Extracted information:
lemma Gamma_power_series_shift:
  fixes b z :: complex and c :: real
  assumes c: "c > 0" and b: "cmod b < c" and z: "Re z > 0"
  shows "(\<lambda>n. (-b) ^ n / fact n * (of_real c powr (-(z + of_nat n)) * Gamma (z + of_nat n)))
           sums ((of_real c + b) powr (-z) * Gamma z)"
proof -
  have z_nonpole: "z \<notin> \<int>\<^sub>\<le>\<^sub>0" using z by (auto elim!: nonpos_Ints_cases)
  have "(\<lambda>n. ((-z) gchoose n) * (b / of_real c) ^ n) sums (1 + b / of_real c) powr (-z)"
    using b c by (intro gen_binomial_complex) (simp add: norm_divide)
  then have "(\<lambda>n. of_real c powr (-z) * Gamma z * (((-z) gchoose n) * (b / of_real c) ^ n))
      sums (of_real c powr (-z) * Gamma z * (1 + b / of_real c) powr (-z))"
    by (rule sums_mult)
  moreover have "of_real c powr (-z) * Gamma z * (((-z) gchoose n) * (b / of_real c) ^ n)
      = (-b) ^ n / fact n * (of_real c powr (-(z + of_nat n)) * Gamma (z + of_nat n))" for n
  proof -
    have "Gamma (z + of_nat n) = pochhammer z n * Gamma z"
      using pochhammer_Gamma[OF z_nonpole, of n] Gamma_eq_zero_iff[of z] z_nonpole by (auto simp: field_simps)
    moreover have "complex_of_real c powr (-(z + of_nat n)) = of_real c powr (-z) * inverse (of_real c) ^ n"
      using c by (simp add: powr_diff powr_nat power_inverse divide_inverse)
    ultimately show ?thesis
      by (simp add: gbinomial_pochhammer power_minus[of b] divide_inverse power_mult_distrib mult_ac)
  qed
  moreover have "of_real c powr (-z) * (1 + b / of_real c) powr (-z) = (of_real c + b) powr (-z)"
  proof -
    have "of_real c + b = of_real c * (1 + b / of_real c)" using c by (simp add: field_simps)
    then show ?thesis using c by (simp add: powr_times_real_left)
  qed
  ultimately show ?thesis by (simp add: mult_ac)
qed

lemma log_mellin_integral_exp_partial_sum:
  fixes b z :: complex and c :: real
  assumes c: "c > 0" and z: "Re z > 0"
  shows "((\<lambda>u. (\<Sum>n<N. (- b * of_real (ln u)) ^ n /\<^sub>R fact n) * log_mellin_kernel (of_real c) z u)
    has_integral (\<Sum>n<N. (-b) ^ n / fact n * (of_real c powr (-(z + of_nat n)) * Gamma (z + of_nat n)))) {1<..}"
proof -
  have "((\<lambda>u. \<Sum>n<N. (-b) ^ n / fact n * log_mellin_kernel (of_real c) (z + of_nat n) u)
    has_integral (\<Sum>n<N. (-b) ^ n / fact n * (of_real c powr (-(z + of_nat n)) * Gamma (z + of_nat n)))) {1<..}"
    using c z by (intro has_integral_sum has_integral_mult_right log_mellin_integral_real(1)) auto
  moreover have "(\<Sum>n<N. (- b * of_real (ln u)) ^ n /\<^sub>R fact n) * log_mellin_kernel (of_real c) z u
      = (\<Sum>n<N. (-b) ^ n / fact n * log_mellin_kernel (of_real c) (z + of_nat n) u)" if "u \<in> {1<..}" for u
    using that unfolding sum_distrib_right
    by (intro sum.cong refl) (simp add: ln_power_mult_log_mellin_kernel[symmetric] power_minus[of "b * _"] power_minus[of b]
        power_mult_distrib scaleR_conv_of_real divide_inverse mult_ac)
  ultimately show ?thesis
    by (subst has_integral_cong) auto
qed

lemma norm_exp_partial_sum_log_mellin_kernel_le:
  fixes b z :: complex and c :: real
  assumes u: "u > 1"
  shows "norm ((\<Sum>n<N. (- b * of_real (ln u)) ^ n /\<^sub>R fact n) * log_mellin_kernel (of_real c) z u)
    \<le> norm (log_mellin_kernel (of_real (c - cmod b)) (of_real (Re z)) u)"
proof -
  have "norm ((\<Sum>n<N. (- b * of_real (ln u)) ^ n /\<^sub>R fact n) * log_mellin_kernel (of_real c) z u)
      \<le> exp (cmod b * ln u) * norm (log_mellin_kernel (of_real c) z u)"
    using norm_exp_partial_sum_le[of "- b * of_real (ln u)" N] u
    by (auto simp: norm_mult intro!: mult_right_mono)
  also have "\<dots> = norm (log_mellin_kernel (of_real (c - cmod b)) (of_real (Re z)) u)"
    using u by (simp add: norm_log_mellin_kernel powr_def algebra_simps flip: exp_add)
  finally show ?thesis .
qed

text \<open>For complex \<open>a\<close> write \<open>a = c + b\<close> with \<open>c\<close> real and \<open>|b| < c\<close>, expand \<open>u powr (-b)\<close> into
  its exponential series, integrate termwise against the real kernel (dominated convergence) and
  sum the result with the generalised binomial theorem.\<close>
lemma log_mellin_integral:
  fixes a z :: complex
  assumes a: "Re a > 0" and z: "Re z > 0"
  shows "(log_mellin_kernel a z has_integral a powr (-z) * Gamma z) {1<..}"
    and "log_mellin_kernel a z absolutely_integrable_on {1<..}"
proof -
  obtain c :: real where c: "c > 0" "cmod (a - of_real c) < c"
    using exists_real_center_disc[OF a] .
  define b where "b = a - of_real c"
  define f where "f N u = (\<Sum>n<N. (- b * of_real (ln u)) ^ n /\<^sub>R fact n) * log_mellin_kernel (of_real c) z u"
    for N u
  define h where "h u = norm (log_mellin_kernel (of_real (c - cmod b)) (of_real (Re z)) u)" for u
  have f_int: "(f N has_integral
      (\<Sum>n<N. (-b) ^ n / fact n * (of_real c powr (-(z + of_nat n)) * Gamma (z + of_nat n)))) {1<..}" for N
    unfolding f_def by (rule log_mellin_integral_exp_partial_sum[OF c(1) z])
  have h_int: "h integrable_on {1<..}"
    unfolding h_def using log_mellin_integral_real(2)[of "c - cmod b" "of_real (Re z)"] c z
    by (auto simp: b_def absolutely_integrable_on_def)
  have f_bound: "\<forall>u\<in>{1<..}. norm (f N u) \<le> h u" for N
    unfolding f_def h_def using norm_exp_partial_sum_log_mellin_kernel_le by simp
  have f_lim: "\<forall>u\<in>{1<..}. (\<lambda>N. f N u) \<longlonglongrightarrow> log_mellin_kernel a z u"
  proof
    fix u :: real assume "u \<in> {1<..}"
    moreover have "(\<lambda>N. f N u) \<longlonglongrightarrow> exp (- b * of_real (ln u)) * log_mellin_kernel (of_real c) z u"
      unfolding f_def by (intro tendsto_mult tendsto_const exp_converges[unfolded sums_def])
    ultimately show "(\<lambda>N. f N u) \<longlonglongrightarrow> log_mellin_kernel a z u"
      using log_mellin_kernel_shift[of u a z b] by (simp add: b_def)
  qed
  show integral: "(log_mellin_kernel a z has_integral a powr (-z) * Gamma z) {1<..}"
    using Gamma_power_series_shift[OF c(1) _ z, of b] c(2)
    by (intro has_integral_dominated_convergence[OF f_int h_int f_bound f_lim]) (auto simp: b_def sums_def)
  show "log_mellin_kernel a z absolutely_integrable_on {1<..}"
  proof (rule absolutely_integrable_integrable_bound[OF _ _ h_int])
    fix u :: real assume "u \<in> {1<..}"
    moreover have "Re a \<ge> c - cmod b"
      using complex_Re_le_cmod[of "of_real c - a"] by (simp add: b_def norm_minus_commute)
    ultimately show "norm (log_mellin_kernel a z u) \<le> h u"
      unfolding h_def by (auto simp: norm_log_mellin_kernel intro!: mult_right_mono powr_mono)
  qed (use integral in blast)
qed

lemma Z_fun_power_sum:
  fixes N :: "real \<Rightarrow> complex" and K :: "'i set" and c a :: "'i \<Rightarrow> complex"
  assumes K: "finite K"
    and N: "\<And>u. u > 1 \<Longrightarrow> N u * of_real u powr (-(s + 1)) = (\<Sum>k\<in>K. c k * of_real u powr (-(a k + 1)))"
    and a: "\<And>k. k \<in> K \<Longrightarrow> Re (a k) > 0"
    and w: "Re w > 0"
  shows "Z_integrable N w s" and "Z_fun N w s = (\<Sum>k\<in>K. c k * a k powr (-w))"
proof -
  define G where "G u = (\<Sum>k\<in>K. c k * log_mellin_kernel (a k) w u)" for u
  have N_eq_G: "N u * of_real u powr (-(s + 1)) * of_real (ln u) powr (w - 1) = G u" if "u \<in> {1<..}" for u
    using that unfolding G_def log_mellin_kernel_def N[of u, OF that[simplified]] sum_distrib_right
    by (intro sum.cong refl) (simp add: algebra_simps)
  have G_abs_int: "G absolutely_integrable_on {1<..}"
    unfolding G_def using K
    by (intro absolutely_integrable_sum set_integrable_mult_right log_mellin_integral(2) a w) auto
  have "(G has_integral (\<Sum>k\<in>K. c k * (a k powr (-w) * Gamma w))) {1<..}"
    unfolding G_def by (intro has_integral_sum K has_integral_mult_right log_mellin_integral(1) a w)
  then have G_int: "integral {1<..} G = (\<Sum>k\<in>K. c k * (a k powr (-w) * Gamma w))"
    by (rule integral_unique)
  have G_meas: "(\<lambda>u. indicator {1<..} u *\<^sub>R G u) \<in> borel_measurable lborel"
    unfolding G_def log_mellin_kernel_def by measurable
  have "set_integrable lborel {1<..} G"
    using G_abs_int G_meas unfolding set_integrable_def by (simp add: integrable_completion)
  then show "Z_integrable N w s"
    unfolding Z_integrable_def using N_eq_G by (subst set_integrable_cong) auto
  have "(LINT u:{1<..}|lborel. G u) = (LINT u:{1<..}|lebesgue. G u)"
    unfolding set_lebesgue_integral_def using G_meas by (simp add: integral_completion)
  also have "\<dots> = integral {1<..} G" by (rule set_lebesgue_integral_eq_integral(2)[OF G_abs_int])
  finally have "Z_fun N w s = integral {1<..} G / Gamma w"
    unfolding Z_fun_def using N_eq_G by (subst set_lebesgue_integral_cong[of _ _ _ G]) auto
  moreover have "Gamma w \<noteq> 0" using w by (auto simp: Gamma_eq_zero_iff elim!: nonpos_Ints_cases)
  ultimately show "Z_fun N w s = (\<Sum>k\<in>K. c k * a k powr (-w))"
    using G_int by (simp add: sum_divide_distrib)
qed

lemma deriv_eq_if_eq_on_right_half_plane:
  fixes g G :: "complex \<Rightarrow> complex"
  assumes U: "open U" "0 \<in> U" and holo: "g holomorphic_on U" "G holomorphic_on U"
    and eq: "\<And>w. w \<in> U \<Longrightarrow> Re w > 0 \<Longrightarrow> g w = G w"
  shows "deriv g 0 = deriv G 0"
proof -
  obtain \<epsilon> where \<epsilon>: "\<epsilon> > 0" "ball 0 \<epsilon> \<subseteq> U" using U open_contains_ball by blast
  have "g w = G w" if "w \<in> ball 0 \<epsilon>" for w
  proof (rule analytic_continuation_open[of "ball 0 \<epsilon> \<inter> {w. Re w > 0}" "ball 0 \<epsilon>" g G])
    show "open (ball 0 \<epsilon> \<inter> {w. Re w > 0})" by (intro open_Int open_halfspace_Re_gt open_ball)
    have "complex_of_real (\<epsilon>/2) \<in> ball 0 \<epsilon> \<inter> {w. Re w > 0}" using \<epsilon> by auto
    then show "ball 0 \<epsilon> \<inter> {w. Re w > 0} \<noteq> {}" by blast
  qed (use that \<epsilon> holo eq in \<open>auto intro: holomorphic_on_subset\<close>)
  then have "eventually (\<lambda>w. g w = G w) (nhds 0)"
    using \<epsilon>(1) by (intro eventually_nhds_in_open[of "ball 0 \<epsilon>", THEN eventually_mono]) auto
  then show ?thesis by (rule deriv_cong_ev) simp
qed

lemma zeta_N_power_sum:
  fixes N :: "real \<Rightarrow> complex" and K :: "'i set" and c :: "'i \<Rightarrow> int" and a :: "'i \<Rightarrow> complex"
  assumes K: "finite K"
    and N: "\<And>u. u > 1 \<Longrightarrow> N u * of_real u powr (-(s + 1)) = (\<Sum>k\<in>K. of_int (c k) * of_real u powr (-(a k + 1)))"
    and a: "\<And>k. k \<in> K \<Longrightarrow> Re (a k) > 0"
  shows "zeta_N N s = (\<Prod>k\<in>K. a k powi (- c k))"
proof -
  have a_nz: "a k \<noteq> 0" if "k \<in> K" for k using a[OF that] by auto
  define G where "G w = (\<Sum>k\<in>K. of_int (c k) * exp (- w * Ln (a k)))" for w
  have G_holo: "G holomorphic_on UNIV" unfolding G_def by (intro holomorphic_intros)
  have Z_eq_G: "Z_integrable N w s \<and> G w = Z_fun N w s" if "Re w > 0" for w
    using Z_fun_power_sum[OF K N a that] a_nz unfolding G_def by (auto simp: powr_def intro!: sum.cong)
  have "(G has_field_derivative (\<Sum>k\<in>K. of_int (c k) * (exp (- 0 * Ln (a k)) * (- Ln (a k))))) (at 0)"
    unfolding G_def by (auto intro!: derivative_eq_intros sum.cong simp: mult.commute)
  then have G_deriv: "deriv G 0 = - (\<Sum>k\<in>K. of_int (c k) * Ln (a k))"
    by (simp add: DERIV_imp_deriv sum_negf)
  have "(THE d. \<exists>g U. open U \<and> 0 \<in> U \<and> g holomorphic_on U \<and>
          (\<forall>w\<in>U. 0 < Re w \<longrightarrow> Z_integrable N w s \<and> g w = Z_fun N w s) \<and> d = deriv g 0)
      = deriv G 0"
  proof (rule the_equality)
    show "\<exists>g U. open U \<and> 0 \<in> U \<and> g holomorphic_on U \<and>
        (\<forall>w\<in>U. 0 < Re w \<longrightarrow> Z_integrable N w s \<and> g w = Z_fun N w s) \<and> deriv G 0 = deriv g 0"
      using G_holo Z_eq_G by blast
  next
    fix d assume "\<exists>g U. open U \<and> 0 \<in> U \<and> g holomorphic_on U \<and>
        (\<forall>w\<in>U. 0 < Re w \<longrightarrow> Z_integrable N w s \<and> g w = Z_fun N w s) \<and> d = deriv g 0"
    then obtain g U where "open U" "0 \<in> U" "g holomorphic_on U" "d = deriv g 0"
      and "\<forall>w\<in>U. 0 < Re w \<longrightarrow> g w = Z_fun N w s" by blast
    then show "d = deriv G 0"
      using Z_eq_G G_holo by (metis deriv_eq_if_eq_on_right_half_plane holomorphic_on_subset subset_UNIV)
  qed
  then have "zeta_N N s = exp (\<Sum>k\<in>K. of_int (- c k) * Ln (a k))"
    unfolding zeta_N_def G_deriv by (simp add: sum_negf)
  also have "\<dots> = (\<Prod>k\<in>K. a k powi (- c k))"
    using a_nz by (simp add: exp_sum[OF K] complex_powr_of_int[symmetric] powr_def)
  finally show ?thesis .
qed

Exercise requirements: Exactly the lines above from the one with "unfolding Z_fun_def using" to the one with "proof (rule analytic_continuation_open[of", both included, are to be quoted; leave the rest out.

Completed exercise:
    unfolding Z_fun_def using N_eq_G by (subst set_lebesgue_integral_cong[of _ _ _ G]) auto
  moreover have "Gamma w \<noteq> 0" using w by (auto simp: Gamma_eq_zero_iff elim!: nonpos_Ints_cases)
  ultimately show "Z_fun N w s = (\<Sum>k\<in>K. c k * a k powr (-w))"
    using G_int by (simp add: sum_divide_distrib)
qed

lemma deriv_eq_if_eq_on_right_half_plane:
  fixes g G :: "complex \<Rightarrow> complex"
  assumes U: "open U" "0 \<in> U" and holo: "g holomorphic_on U" "G holomorphic_on U"
    and eq: "\<And>w. w \<in> U \<Longrightarrow> Re w > 0 \<Longrightarrow> g w = G w"
  shows "deriv g 0 = deriv G 0"
proof -
  obtain \<epsilon> where \<epsilon>: "\<epsilon> > 0" "ball 0 \<epsilon> \<subseteq> U" using U open_contains_ball by blast
  have "g w = G w" if "w \<in> ball 0 \<epsilon>" for w
  proof (rule analytic_continuation_open[of "ball 0 \<epsilon> \<inter> {w. Re w > 0}" "ball 0 \<epsilon>" g G])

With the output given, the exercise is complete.